Task requirements: Reproduce the closing run of lines below verbatim, from the line that contains "vec \<Rightarrow> nat" up to and including the final line.

Materials provided:
========================================================================

(* Let $F$ be any field, $N\in\mathbb{N}$, and $p,p'\in\mathbb{N}$ with $p+p'\le N+1$. If $x\in F^{N+1}$ satisfies $\operatorname{rank}(H_{p,p'-1}(x))\le p$ and $\operatorname{rank}(H_{p-1,p'}(x))\le p'$, then $\operatorname{rank}(H_{p,p'-1}(x))=\operatorname{rank}(H_{p-1,p'}(x))$.
   Context: $\mathbb{N}=\{0,1,2,\ldots\}$. For $N\in\mathbb{N}$, $x=(x_0,\ldots,x_N)\in F^{N+1}$ and integers $s,t\ge -1$ with $s+t\le N$, the Hankel matrix $H_{s,t}(x)$ is the $(s+1)\times(t+1)$ matrix $(x_{i+j})_{0\le i\le s,\,0\le j\le t}$ (a matrix with zero rows or columns has rank $0$). *)

theory Defs
  imports "Jordan_Normal_Form.DL_Rank"
begin

text \<open>The paper's H_{s,t}(x) is hankel_mat x (s+1) (t+1) (so s = -1 or t = -1 gives
  a matrix with zero rows/columns).\<close>
definition hankel_mat :: "'a vec \<Rightarrow> nat \<Rightarrow> nat \<Rightarrow> 'a mat" where
  "hankel_mat x r c = mat r c (\<lambda>(i, j). x $ (i + j))"

definition mrank :: "'a::field mat \<Rightarrow> nat" where
  "mrank A = vec_space.rank (dim_row A) A"

end

theory Submission
  imports Defs
begin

========================================================================

Your solution:
definition hankel_mat :: "'a vec \<Rightarrow> nat \<Rightarrow> nat \<Rightarrow> 'a mat" where
  "hankel_mat x r c = mat r c (\<lambda>(i, j). x $ (i + j))"

definition mrank :: "'a::field mat \<Rightarrow> nat" where
  "mrank A = vec_space.rank (dim_row A) A"

end

theory Submission
  imports Defs
begin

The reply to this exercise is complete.